Inference technique that fuses visual embeddings with text token embeddings and generates text responses through autoregressive decoding.

Description

Multimodal response generation is the core inference step in LLaVA. It bridges the gap between visual perception (CLIP encoder) and language generation (LLM decoder) through an embedding fusion process followed by standard autoregressive text generation.

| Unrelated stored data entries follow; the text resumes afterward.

(* Under the standing assumptions of the context, for every integer $\ell\ge1$ the limit $C_\ell(x,\infty,1/2)=\lim_{n\to\infty}C_\ell(x,n,1/2)$ exists and \[ C_\ell(x,\infty,1/2)=\sum_{l=\ell}^\infty(l-\ell+1)\,d(\mathcal K_l)>0 . \]
   Context: Standing assumptions: $A=\{0,1\}$, $\Sigma=A^{\mathbb N_0}$ with metric $\rho(y,z)=2^{-\min\{i\ge0:\,y_i\ne z_i\}}$ ($y\ne z$) and shift $\sigma$. $\zeta:A\to A^*$ is a binary substitution of constant length $q\ge2$, primitive, aperiodic (its subshift $X_\zeta$ contains a non-$\sigma$-periodic sequence), with $\zeta(0)$ starting with $0$; $x=\lim_k\zeta^k(0)$ its fixed point starting with $0$. Correlation sum: $C_\ell(x,n,\varepsilon)=n^{-2}\#\{(i,j)\in[0,n)^2:\max_{0\le k<\ell}\rho(\sigma^{i+k}x,\sigma^{j+k}x)\le\varepsilon\}$. The recurrence plot $R(x,\infty,1/2)$ has indices $i,j\in\mathbb N_0$ and entry $1$ iff $x_i=x_j$; an inner line of length $l$ in it is $(i,j,l)$ with $i,j\ge1$, $i\ne j$, $x_{i+k}=x_{j+k}$ for $0\le k<l$, $x_{i-1}\ne x_{j-1}$ and $x_{i+l}\ne x_{j+l}$. $\mathcal K_l$ is the set of starting points $(i,j)\in\mathbb N^2$ of inner lines of length $l$; $d(M)=\lim_n n^{-2}\#(M\cap[0,n)^2)$, known to exist for $M=\mathcal K_l$. *)

theory Defs
  imports "HOL-Analysis.Analysis"
begin

(* Alphabet A = {0,1} is represented by bool: False = 0, True = 1. *)

definition subst_word :: "(bool \<Rightarrow> bool list) \<Rightarrow> bool list \<Rightarrow> bool list" where
  "subst_word \<zeta> w = concat (map \<zeta> w)"

definition subst_iter :: "(bool \<Rightarrow> bool list) \<Rightarrow> nat \<Rightarrow> bool \<Rightarrow> bool list" where
  "subst_iter \<zeta> k a = (subst_word \<zeta> ^^ k) [a]"

definition constant_length :: "(bool \<Rightarrow> bool list) \<Rightarrow> nat \<Rightarrow> bool" where
  "constant_length \<zeta> q \<longleftrightarrow> (\<forall>a. length (\<zeta> a) = q)"
lemma courant_PL: "unimodular_fan N S \<Longrightarrow> \<rho> \<in> rays S \<Longrightarrow> courant N S \<rho> \<in> PL N S"
  using courant_spec by blast

lemma courant_prim_gen:
  "unimodular_fan N S \<Longrightarrow> \<rho> \<in> rays S \<Longrightarrow> \<rho>' \<in> rays S \<Longrightarrow>
    courant N S \<rho> (prim_gen N \<rho>') = (if \<rho>' = \<rho> then 1 else 0)"
  using courant_spec[of N S \<rho>] by simp

lemma courant_eq_on_support:
  assumes U: "unimodular_fan N S" and \<rho>: "\<rho> \<in> rays S" and g: "g \<in> PL N S"
    and gens: "\<And>\<rho>'. \<rho>' \<in> rays S \<Longrightarrow> g (prim_gen N \<rho>') = (if \<rho>' = \<rho> then 1 else 0)"
    and x: "x \<in> \<Union>S"
  shows "courant N S \<rho> x = g x"
  using U PL_eq_on_support[OF _ _ courant_PL[OF U \<rho>] g _ x] courant_prim_gen[OF U \<rho>] gens
  unfolding unimodular_fan_def by simp

lemma PL_eq_courant_sum:
  assumes U: "unimodular_fan N S" and f: "f \<in> PL N S" and x: "x \<in> \<Union>S"
  shows "f x = (\<Sum>\<rho>\<in>rays S. f (prim_gen N \<rho>) * courant N S \<rho> x)"
proof -
  have L: "is_lattice N" and F: "is_fan N S"
    using U unfolding unimodular_fan_def by auto
  have fin: "finite (rays S)"
    using F by (rule finite_rays)
  show ?thesis
  proof (rule PL_eq_on_support[OF L F f _ _ x])
    show "(\<lambda>x. \<Sum>\<rho>\<in>rays S. f (prim_gen N \<rho>) * courant N S \<rho> x) \<in> PL N S"
      using fin PL_prim_gen_Ints[OF L F _ f]
      by (intro PL_sum PL_int_mult courant_PL[OF U]) auto
    fix \<rho>' assume "\<rho>' \<in> rays S"
    then show "f (prim_gen N \<rho>') = (\<Sum>\<rho>\<in>rays S. f (prim_gen N \<rho>) * courant N S \<rho> (prim_gen N \<rho>'))"
      using fin by (simp add: courant_prim_gen[OF U] if_distrib cong: if_cong)
  qed
qed


section \<open>Star fans\<close>

lemma perp_proj_eqI:
  fixes A :: "'a::euclidean_space set"
  assumes "x - y \<in> span A" "\<forall>a\<in>A. a \<bullet> y = 0"
  shows "perp_proj A x = y"
  unfolding perp_proj_def
proof (rule the_equality)
  show "x - y \<in> span A \<and> (\<forall>a\<in>A. a \<bullet> y = 0)"
    using assms by blast
  fix y' assume y': "x - y' \<in> span A \<and> (\<forall>a\<in>A. a \<bullet> y' = 0)"
  have "y - y' \<in> span A"
    using span_diff[OF y'[THEN conjunct1] assms(1)] by (simp add: algebra_simps)
  moreover have "orthogonal (y - y') a" if "a \<in> A" for a
    using assms(2) y' that by (simp add: orthogonal_def inner_commute[of _ a] inner_diff_right)
  ultimately have "orthogonal (y - y') (y - y')"
    by (rule orthogonal_to_span)
  then show "y' = y"
    by (simp add: orthogonal_self)
qed

lemma perp_proj_spec:
  fixes A :: "'a::euclidean_space set"
  shows "x - perp_proj A x \<in> span A" "\<forall>a\<in>A. a \<bullet> perp_proj A x = 0"
proof -
  obtain y z where "y \<in> span A" "\<And>w. w \<in> span A \<Longrightarrow> orthogonal z w" "x = y + z"
    by (metis orthogonal_subspace_decomp_exists)
  then have "perp_proj A x = z"
    by (intro perp_proj_eqI) (auto simp: orthogonal_def inner_commute intro: span_base)
  then show "x - perp_proj A x \<in> span A" "\<forall>a\<in>A. a \<bullet> perp_proj A x = 0"
    using \<open>y \<in> span A\<close> \<open>x = y + z\<close> \<open>\<And>w. w \<in> span A \<Longrightarrow> orthogonal z w\<close>
    by (auto simp: orthogonal_def inner_commute intro: span_base)
qed

lemma perp_proj_eq_imp_diff_in_span:
  fixes A :: "'a::euclidean_space set"
  assumes "perp_proj A x = perp_proj A x'"
  shows "x - x' \<in> span A"
  using span_diff[OF perp_proj_spec(1)[of x A] perp_proj_spec(1)[of x' A]] assms by simp

lemma perp_proj_zero: "perp_proj (A :: 'a::euclidean_space set) 0 = 0"
  by (rule perp_proj_eqI) (simp_all add: span_zero)

lemma perp_proj_zero_cone: "perp_proj {0 :: 'a::euclidean_space} x = x"
  by (rule perp_proj_eqI) (simp_all add: span_zero)

lemma linear_perp_proj:
  fixes A :: "'a::euclidean_space set"
  assumes "linear L" "\<forall>a\<in>A. L a = 0"
  shows "L (perp_proj A x) = L x"
proof -
  have "L (x - perp_proj A x) = 0"
    using linear_eq_0_on_span[OF assms(1)] assms(2) perp_proj_spec(1) by blast
  then show ?thesis
    by (simp add: linear_diff[OF assms(1)])
qed

definition lin_on_cone :: "'a::euclidean_space set \<Rightarrow> 'a set \<Rightarrow> ('a \<Rightarrow> real) \<Rightarrow> 'a \<Rightarrow> real" where
  "lin_on_cone N \<sigma> f = (SOME m. m \<in> intlin N \<and> (\<forall>x\<in>\<sigma>. f x = m x))"

lemma lin_on_cone_spec:
  assumes "f \<in> PL N S" "\<sigma> \<in> S"
  shows "lin_on_cone N \<sigma> f \<in> intlin N" "\<forall>x\<in>\<sigma>. f x = lin_on_cone N \<sigma> f x"
proof -
  have "\<exists>m. m \<in> intlin N \<and> (\<forall>x\<in>\<sigma>. f x = m x)"
    using assms by (metis PLE)
  then have "lin_on_cone N \<sigma> f \<in> intlin N \<and> (\<forall>x\<in>\<sigma>. f x = lin_on_cone N \<sigma> f x)"
    unfolding lin_on_cone_def by (rule someI_ex)
  then show "lin_on_cone N \<sigma> f \<in> intlin N" "\<forall>x\<in>\<sigma>. f x = lin_on_cone N \<sigma> f x"
    by auto
qed

lemma star_fun_lin_on_cone:
  "star_fun N S \<sigma> f = (\<lambda>y. SOME v. \<exists>\<tau>\<in>S. \<sigma> \<subseteq> \<tau> \<and>
     (\<exists>x\<in>\<tau>. perp_proj \<sigma> x = y \<and> v = f x - lin_on_cone N \<sigma> f x))"
  unfolding star_fun_def lin_on_cone_def Let_def ..

text \<open>On a cone containing \<open>\<sigma>\<close>, \<open>f - m\<close> is linear and vanishes on \<open>\<sigma>\<close>.\<close>

lemma PL_diff_intlin_translate:
  assumes F: "is_fan N S" and f: "f \<in> PL N S" and m: "\<forall>a\<in>\<sigma>. f a = m a" "m \<in> intlin N"
    and \<tau>: "\<tau> \<in> S" "\<sigma> \<subseteq> \<tau>" "x \<in> \<tau>" and a: "a \<in> \<sigma>"
  shows "f (x + a) - m (x + a) = f x - m x"
proof -
  obtain m\<tau> where m\<tau>: "m\<tau> \<in> intlin N" "\<forall>y\<in>\<tau>. f y = m\<tau> y"
    using f \<tau>(1) by (rule PLE)
  have lin: "linear (\<lambda>y. m\<tau> y - m y)"
    using intlinD(1)[OF intlin_diff[OF m\<tau>(1) m(2)]] .
  have "x + a \<in> \<tau>"
    using convex_cone_add[OF rat_cone_convex_cone[OF is_fan_cone[OF F \<tau>(1)]] \<tau>(3)] a \<tau>(2) by blast
  moreover have "m\<tau> a - m a = 0"
    using m(1) m\<tau>(2) a \<tau>(2) by (metis subsetD right_minus_eq)
  ultimately show ?thesis
    using m\<tau>(2) \<tau>(3) linear_add[OF lin, of x a] by simp
qed

lemma star_fun_perp_proj:
  assumes F: "is_fan N S" and f: "f \<in> PL N S" and \<sigma>: "\<sigma> \<in> S"
    and \<tau>: "\<tau> \<in> S" "\<sigma> \<subseteq> \<tau>" "x \<in> \<tau>"
  shows "star_fun N S \<sigma> f (perp_proj \<sigma> x) = f x - lin_on_cone N \<sigma> f x"
proof -
  let ?m = "lin_on_cone N \<sigma> f"
  let ?P = "\<lambda>v. \<exists>\<tau>\<in>S. \<sigma> \<subseteq> \<tau> \<and> (\<exists>x'\<in>\<tau>. perp_proj \<sigma> x' = perp_proj \<sigma> x \<and> v = f x' - ?m x')"
  have "?P (f x - ?m x)"
    using \<tau> by blast
  then have "?P (SOME v. ?P v)"
    by (rule someI)
  then obtain \<tau>' x' where x': "\<tau>' \<in> S" "\<sigma> \<subseteq> \<tau>'" "x' \<in> \<tau>'" "perp_proj \<sigma> x' = perp_proj \<sigma> x"
    and v: "(SOME v. ?P v) = f x' - ?m x'"
    by blast
  \<comment> \<open>the two preimages differ by an element of \<open>span \<sigma> = \<sigma> - \<sigma>\<close>\<close>
  obtain a b where ab: "a \<in> \<sigma>" "b \<in> \<sigma>" "x' - x = a - b"
    using span_convex_cone_diff[OF rat_cone_convex_cone[OF is_fan_cone[OF F \<sigma>]]
        perp_proj_eq_imp_diff_in_span[OF x'(4)]] .
  have "x' + b = x + a"
    using ab(3) by (simp add: algebra_simps)
  moreover note translate = PL_diff_intlin_translate[OF F f lin_on_cone_spec(2)[OF f \<sigma>] lin_on_cone_spec(1)[OF f \<sigma>]]
  ultimately have "f x' - ?m x' = f x - ?m x"
    using translate[OF x'(1-3) ab(2)] translate[OF \<tau> ab(1)] by simp
  then show ?thesis
    unfolding star_fun_lin_on_cone using v by simp
qed

lemma star_fan_memE:
  assumes "C \<in> star_fan S \<sigma>"
  obtains \<tau> \<tau>' where "C = perp_proj \<sigma> ` \<tau>" "\<tau>' \<in> S" "\<sigma> \<subseteq> \<tau>'" "\<tau> face_of \<tau>'" "\<tau> \<noteq> {}"
  using assms unfolding star_fan_def by blast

The process has two stages:

Stage 1: Visual-Text Embedding Fusion

prepare_inputs_labels_for_multimodal() replaces IMAGE_TOKEN_INDEX placeholders in the tokenized input with actual visual embeddings:

  1. Visual encoding -- Images are passed through the CLIP vision tower to produce patch-level features.
  2. Projection -- The CLIP features are projected into the LLM's embedding space via the MLP projector (mm_projector).
  3. Fusion -- The function splits input_ids at IMAGE_TOKEN_INDEX positions, converts text token IDs to embeddings, and interleaves the text embeddings with the projected visual embeddings.
  4. Output -- A fused input_embeds tensor where each image token has been expanded into N visual tokens (typically 576 for a 24x24 patch grid).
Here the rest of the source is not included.